++++ Exercise input

text \<open>Action of the bracket [x,y] of two basis elements on a vector, given the
  action rho of basis elements and the scalar multiplication sc.\<close>
fun brk_act :: "(complex \<Rightarrow> 'v \<Rightarrow> 'v) \<Rightarrow> (gb \<Rightarrow> 'v \<Rightarrow> 'v) \<Rightarrow> gb \<Rightarrow> gb \<Rightarrow> 'v \<Rightarrow> 'v::ab_group_add" where
  "brk_act sc \<rho> (Lb a) (Lb b) v = sc (of_int (b - a)) (\<rho> (Lb (a + b)) v)
      + (if a + b = 0 then sc (of_int (a^3 - a) / 12) (\<rho> C1 v) else 0)"
| "brk_act sc \<rho> (Lb a) (Hb b) v = sc (of_int b) (\<rho> (Hb (a + b)) v)
      + (if a + b = 0 then sc (of_int (a^2)) (\<rho> C2 v) else 0)"
| "brk_act sc \<rho> (Hb b) (Lb a) v = - (sc (of_int b) (\<rho> (Hb (a + b)) v)
      + (if a + b = 0 then sc (of_int (a^2)) (\<rho> C2 v) else 0))"
| "brk_act sc \<rho> (Hb a) (Hb b) v = (if a + b = 0 then sc (of_int a) (\<rho> C3 v) else 0)"
| "brk_act sc \<rho> (Lb a) (Ib b) v = sc (of_int (b - a)) (\<rho> (Ib (a + b)) v)"
| "brk_act sc \<rho> (Ib b) (Lb a) v = - sc (of_int (b - a)) (\<rho> (Ib (a + b)) v)"
| "brk_act sc \<rho> (Lb a) (Jb b) v = sc (of_int (b - a)) (\<rho> (Jb (a + b)) v)"
| "brk_act sc \<rho> (Jb b) (Lb a) v = - sc (of_int (b - a)) (\<rho> (Jb (a + b)) v)"
| "brk_act sc \<rho> (Hb a) (Ib b) v = \<rho> (Ib (a + b)) v"
| "brk_act sc \<rho> (Ib b) (Hb a) v = - \<rho> (Ib (a + b)) v"
| "brk_act sc \<rho> (Hb a) (Jb b) v = - \<rho> (Jb (a + b)) v"
| "brk_act sc \<rho> (Jb b) (Hb a) v = \<rho> (Jb (a + b)) v"
| "brk_act sc \<rho> x y v = 0"
(* Let $\varepsilon,\delta\in(0,1)$ and $\alpha\ge1$. There is a one-pass streaming algorithm that, on any strict turnstile stream on $[n]$ with frequency vector $f$ satisfying the $L_1$ $\alpha$-property, outputs a $(1\pm\varepsilon)$-approximation of $\|f\|_1$ with probability at least $1-\delta$, using $O(\log(\alpha/\varepsilon)+\log(1/\delta)+\log\log n)$ bits of space.
   Context: A data stream on universe $[n]$ is a sequence of $m$ updates $(i_t,\Delta_t)\in[n]\times\{-M,\dots,M\}$; the frequency vector $f\in\mathbb{R}^n$ starts at $0$ and update $(i_t,\Delta_t)$ adds $\Delta_t$ to $f_{i_t}$. It is assumed that $\log(mM)=O(\log n)$. A strict turnstile stream is one in which updates may be negative but every coordinate of the frequency vector is non-negative at all times. The insertion vector $I$ is the frequency vector of the substream of positive updates and the deletion vector $D$ is the entrywise absolute value of the frequency vector of the substream of negative updates, so $f=I-D$. The stream has the $L_1$ $\alpha$-property if $\|I+D\|_1\le\alpha\|f\|_1$. Space is measured in bits. *)

theory Defs
  imports "HOL-Probability.Probability"
begin

text \<open>Streams: an update is a pair (i, Delta) with i in [n] = {1..n}.\<close>
type_synonym update = "nat \<times> int"

text \<open>The initial memory is random, each update maps the memory to a random new memory
  (fresh coins per step), and the output is a (possibly random) real computed from the
  final memory.\<close>
record stream_alg =
  init :: "bool list pmf"
  step :: "bool list \<Rightarrow> update \<Rightarrow> bool list pmf"
  out_fn :: "bool list \<Rightarrow> real pmf"

definition run :: "stream_alg \<Rightarrow> update list \<Rightarrow> bool list pmf" where
  "run A xs = foldl (\<lambda>p u. bind_pmf p (\<lambda>s. step A s u)) (init A) xs"

definition result :: "stream_alg \<Rightarrow> update list \<Rightarrow> real pmf" where
  "result A xs = bind_pmf (run A xs) (out_fn A)"

definition freq :: "update list \<Rightarrow> nat \<Rightarrow> int" where
  "freq xs i = sum_list (map snd (filter (\<lambda>u. fst u = i) xs))"

definition ins_vec :: "update list \<Rightarrow> nat \<Rightarrow> int" where
  "ins_vec xs i = freq (filter (\<lambda>u. snd u > 0) xs) i"

definition del_vec :: "update list \<Rightarrow> nat \<Rightarrow> int" where
  "del_vec xs i = \<bar>freq (filter (\<lambda>u. snd u < 0) xs) i\<bar>"

definition l1_norm :: "nat \<Rightarrow> (nat \<Rightarrow> int) \<Rightarrow> real" where
  "l1_norm n f = (\<Sum>i\<in>{1..n}. real_of_int \<bar>f i\<bar>)"

definition valid_stream :: "nat \<Rightarrow> nat \<Rightarrow> nat \<Rightarrow> update list \<Rightarrow> bool" where
  "valid_stream n m M xs \<longleftrightarrow> length xs = m \<and>
     (\<forall>u\<in>set xs. fst u \<in> {1..n} \<and> \<bar>snd u\<bar> \<le> int M)"

definition strict_turnstile :: "update list \<Rightarrow> bool" where
  "strict_turnstile xs \<longleftrightarrow> (\<forall>k\<le>length xs. \<forall>i. freq (take k xs) i \<ge> 0)"

definition alpha_property :: "real \<Rightarrow> nat \<Rightarrow> update list \<Rightarrow> bool" where
  "alpha_property \<alpha> n xs \<longleftrightarrow>
     l1_norm n (\<lambda>i. ins_vec xs i + del_vec xs i) \<le> \<alpha> * l1_norm n (freq xs)"

definition space_bound :: "stream_alg \<Rightarrow> update list set \<Rightarrow> real \<Rightarrow> bool" where
  "space_bound A S s \<longleftrightarrow> (\<forall>xs\<in>S. \<forall>k\<le>length xs. \<forall>\<sigma>\<in>set_pmf (run A (take k xs)).
      real (length \<sigma>) \<le> s)"

end

theory Submission
  imports Defs "HOL-Library.Log_Nat"
begin

(* Run two randomized approximate counters, one for the total insertion weight I and one for the
   total deletion weight D, and output their difference. In a strict turnstile stream
   ||f||_1 = I - D, and the alpha-property gives I + D <= alpha ||f||_1. A counter keeps its value
   on a grid of relative spacing about 1/K and rounds to it unbiasedly; a potential argument bounds
   its mean square error by 5 S^2 / K, where S is the true count. Hence the output has mean square
   error at most 10 (I^2 + D^2) / K <= 10 alpha^2 ||f||_1^2 / K, and with K ~ alpha^2 / (eps^2 delta)
   Chebyshev's inequality gives the (1 +- eps) guarantee with probability 1 - delta. A grid point is
   an exponent below log (m M) = O(log n) together with a mantissa below 2 K, so a counter needs
   O(log K + log log n) bits. When delta is so close to 1 that a uniform guess in {0..m M} already
   succeeds, no memory is needed; this covers the parameters where the space budget degenerates. *)

lemma integral_bind_pmf_finite:
  fixes f :: "'b \<Rightarrow> real"
  assumes fin: "finite (set_pmf M)" and finN: "\<And>x. x \<in> set_pmf M \<Longrightarrow> finite (set_pmf (N x))"
  shows "(\<integral>y. f y \<partial>bind_pmf M N) = (\<integral>x. (\<integral>y. f y \<partial>N x) \<partial>M)"
proof -
  define U where "U = (\<Union>x\<in>set_pmf M. set_pmf (N x))"
  have "finite U" using fin finN unfolding U_def by auto
  define g where "g y = f y * indicator U y" for y
  have g_bounded: "\<bar>g y\<bar> \<le> (\<Sum>u\<in>U. \<bar>f u\<bar>)" for y
    using \<open>finite U\<close> by (cases "y \<in> U") (auto simp: g_def intro: member_le_sum sum_nonneg)
  have "(\<integral>y. g y \<partial>bind_pmf M N) = (\<integral>x. (\<integral>y. g y \<partial>N x) \<partial>M)"
    unfolding measure_pmf_bind
    using g_bounded measurable_measure_pmf[of N]
    by (intro integral_bind[where K="count_space UNIV" and B="\<Sum>u\<in>U. \<bar>f u\<bar>" and B'=1])
      (auto simp: measure_pmf.emeasure_space_1 intro: prob_space_imp_subprob_space
        cong: measurable_cong_sets)
  moreover have "(\<integral>y. f y \<partial>bind_pmf M N) = (\<integral>y. g y \<partial>bind_pmf M N)"
    by (intro integral_cong_AE) (auto simp: AE_measure_pmf_iff g_def U_def split: split_indicator)
  moreover have "(\<integral>x. (\<integral>y. f y \<partial>N x) \<partial>M) = (\<integral>x. (\<integral>y. g y \<partial>N x) \<partial>M)"
    by (intro integral_cong_AE)
      (auto simp: AE_measure_pmf_iff g_def U_def split: split_indicator intro!: integral_cong_AE)
  ultimately show ?thesis by simp
qed
lemma Linfty_mat_of_entries:
  assumes "\<And>i j. i < n \<Longrightarrow> j < n \<Longrightarrow> (\<lambda>x. E i j x) \<in> Linfty \<mu>"
  shows "Linfty_mat \<mu> n (\<lambda>x. mat n n (\<lambda>(i,j). E i j x))"
  using assms unfolding Linfty_mat_def by auto

lemma mat_mult_entry:
  assumes "A \<in> carrier_mat n n" "B \<in> carrier_mat n n" "i < n" "j < n"
  shows "(A * B) $$ (i,j) = (\<Sum>k<n. A $$ (i,k) * B $$ (k,j))"
  using assms by (simp add: scalar_prod_def carrier_matD atLeast0LessThan)

lemma Linfty_mat_mult:
  assumes M: "Linfty_mat \<mu> n M" and N: "Linfty_mat \<mu> n N"
  shows "Linfty_mat \<mu> n (\<lambda>x. M x * N x)"
  unfolding Linfty_mat_def
proof (intro conjI allI impI)
  fix x show "M x * N x \<in> carrier_mat n n"
    using Linfty_mat_carrier[OF M] Linfty_mat_carrier[OF N] by (rule mult_carrier_mat)
next
  fix i j assume ij: "i < n" "j < n"
  have "(M x * N x) $$ (i,j) = (\<Sum>k<n. M x $$ (i,k) * N x $$ (k,j))" for x
    using ij by (intro mat_mult_entry Linfty_mat_carrier[OF M] Linfty_mat_carrier[OF N])
  then show "(\<lambda>x. (M x * N x) $$ (i,j)) \<in> Linfty \<mu>"
    using ij by (auto intro!: Linfty_sum Linfty_mult Linfty_mat_entry[OF M] Linfty_mat_entry[OF N])
qed

lemma Linfty_mat_pow:
  assumes M: "Linfty_mat \<mu> n M" shows "Linfty_mat \<mu> n (\<lambda>x. M x ^\<^sub>m k)"
proof (induction k)
  case 0
  have "M x ^\<^sub>m 0 = mat n n (\<lambda>(i,j). if i = j then 1 else 0)" for x
    using Linfty_mat_carrier[OF M, of x] by (simp add: one_mat_def carrier_matD)
  then show ?case
    using Linfty_mat_of_entries[of n "\<lambda>i j x. if i = j then 1 else 0"] by (simp add: Linfty_const)
next
  case (Suc k)
  then show ?case using Linfty_mat_mult[OF Suc M] by simp
qed
(* For all integers $m\ge1$ and $n\ge1$, $$\sum_{k=1}^n k\binom{m+k-1}{k}^{-1}\binom{2m+k-1}{k}=\frac{[n(m+1)-m+1](m+n)}{(m+1)(m+2)}\binom{m+n}{n+1}^{-1}\binom{2m+n}{n+1}+\frac{2m(m-1)}{(m+1)(m+2)}.$$ *)

theory Defs
  imports Complex_Main
begin

end

theory Submission
  imports Defs
begin

text \<open>Writing \<open>r k\<close> for the ratio \<open>C(2m+k-1,k) / C(m+k-1,k)\<close>, one has
  \<open>r (k+1) = r k \<cdot> (2m+k)/(m+k)\<close>. Hence the right-hand side, as a function \<open>G n \<cdot> r (n+1) + c\<close>
  of \<open>n\<close>, increases by exactly \<open>(n+1) \<cdot> r (n+1)\<close> from \<open>n\<close> to \<open>n+1\<close>; this reduces to a
  polynomial identity in \<open>m\<close> and \<open>n\<close>. At \<open>n = 0\<close> both sides vanish, since \<open>r 1 = 2\<close>.\<close>

lemma real_binomial_absorption:
  fixes a k :: nat
  assumes "a \<ge> 1"
  shows "real ((a + k) choose Suc k) = real (a + k) / real (Suc k) * real ((a + k - 1) choose k)"
proof -
  obtain b where b: "a + k = Suc b" using assms by (cases "a + k") auto
  have "real (Suc b) * real (b choose k) = real (Suc b choose Suc k) * real (Suc k)"
    using Suc_times_binomial_eq[of b k] by (simp only: of_nat_mult[symmetric])
  then show ?thesis unfolding b by (simp add: field_simps)
qed

definition binomial_ratio :: "nat \<Rightarrow> nat \<Rightarrow> real" where
  "binomial_ratio m k = real ((2*m + k - 1) choose k) / real ((m + k - 1) choose k)"

lemma binomial_ratio_one:
  assumes "m \<ge> 1"
  shows "binomial_ratio m 1 = 2"
  using assms by (simp add: binomial_ratio_def)

lemma binomial_ratio_Suc:
  assumes "m \<ge> 1"
  shows "binomial_ratio m (Suc k) = binomial_ratio m k * real (2*m + k) / real (m + k)"
proof -
  define A where "A = real ((2*m + k - 1) choose k)"
  define B where "B = real ((m + k - 1) choose k)"
  have "2*m + Suc k - 1 = 2*m + k" "m + Suc k - 1 = m + k" using assms by auto
  then have "binomial_ratio m (Suc k)
      = (real (2*m + k) / real (Suc k) * A) / (real (m + k) / real (Suc k) * B)"
    unfolding binomial_ratio_def A_def B_def
    using real_binomial_absorption[of "2*m" k] real_binomial_absorption[of m k] assms by simp
  also have "\<dots> = A / B * real (2*m + k) / real (m + k)"
    by (simp add: ac_simps)
  finally show ?thesis unfolding binomial_ratio_def A_def B_def .
qed

definition sum_coefficient :: "real \<Rightarrow> real \<Rightarrow> real" where
  "sum_coefficient x y = (y*(x+1) - x + 1) * (x+y) / ((x+1)*(x+2))"

lemma sum_coefficient_step:
  fixes x y :: real
  assumes "x \<ge> 0" "y \<ge> 0"
  shows "sum_coefficient x y + (y+1) = sum_coefficient x (y+1) * (2*x+y+1) / (x+y+1)"
proof -
  have D: "(x+1)*(x+2) > 0" using assms by simp
  have "sum_coefficient x y + (y+1)
      = ((y*(x+1) - x + 1) * (x+y) + (y+1) * ((x+1)*(x+2))) / ((x+1)*(x+2))"
    using D by (simp add: sum_coefficient_def field_simps)
  also have "\<dots> = ((y+1)*(x+1) - x + 1) * (2*x+y+1) / ((x+1)*(x+2))"
    by (simp add: algebra_simps)
  also have "\<dots> = sum_coefficient x (y+1) * (2*x+y+1) / (x+y+1)"
    using assms by (simp add: sum_coefficient_def add.assoc)
  finally show ?thesis .
qed

lemma sum_weighted_binomial_ratio:
  fixes m n :: nat
  assumes "m \<ge> 1"
  shows "(\<Sum>k=1..n. real k * binomial_ratio m k)
    = sum_coefficient (real m) (real n) * binomial_ratio m (n+1)
      + 2 * real m * (real m - 1) / ((real m + 1) * (real m + 2))"
proof (induction n)
  case 0
  have "(real m + 1) * (real m + 2) > 0" by simp
  then show ?case using binomial_ratio_one[OF assms] by (simp add: sum_coefficient_def field_simps)
next
  case (Suc n)
  have "(\<Sum>k=1..Suc n. real k * binomial_ratio m k)
      = (sum_coefficient (real m) (real n) + real (Suc n)) * binomial_ratio m (Suc n)
        + 2 * real m * (real m - 1) / ((real m + 1) * (real m + 2))"
    using Suc.IH by (simp add: distrib_right)
  also have "sum_coefficient (real m) (real n) + real (Suc n)
      = sum_coefficient (real m) (real (Suc n)) * real (2*m + Suc n) / real (m + Suc n)"
    using sum_coefficient_step[of "real m" "real n"] by (simp add: add_ac)
  finally show ?case
    using binomial_ratio_Suc[OF assms, of "Suc n"] by simp
qed

theorem mainTheorem11:
  fixes m n :: nat
  assumes "m \<ge> 1" and "n \<ge> 1"
  shows "(\<Sum>k=1..n. real k * real ((2*m+k-1) choose k) / real ((m+k-1) choose k))
    = (real n * (real m + 1) - real m + 1) * (real m + real n) / ((real m + 1) * (real m + 2))
        * real ((2*m+n) choose (n+1)) / real ((m+n) choose (n+1))
      + 2 * real m * (real m - 1) / ((real m + 1) * (real m + 2))"
  using sum_weighted_binomial_ratio[OF assms(1), of n]
  by (simp add: binomial_ratio_def sum_coefficient_def)

end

++++++++

# [Task prompt]
Exactly as they appear, retype the lines from the start of the records through the line containing "sc (of_int (a^3".

# [Output]
text \<open>Action of the bracket [x,y] of two basis elements on a vector, given the
  action rho of basis elements and the scalar multiplication sc.\<close>
fun brk_act :: "(complex \<Rightarrow> 'v \<Rightarrow> 'v) \<Rightarrow> (gb \<Rightarrow> 'v \<Rightarrow> 'v) \<Rightarrow> gb \<Rightarrow> gb \<Rightarrow> 'v \<Rightarrow> 'v::ab_group_add" where
  "brk_act sc \<rho> (Lb a) (Lb b) v = sc (of_int (b - a)) (\<rho> (Lb (a + b)) v)
      + (if a + b = 0 then sc (of_int (a^3 - a) / 12) (\<rho> C1 v) else 0)"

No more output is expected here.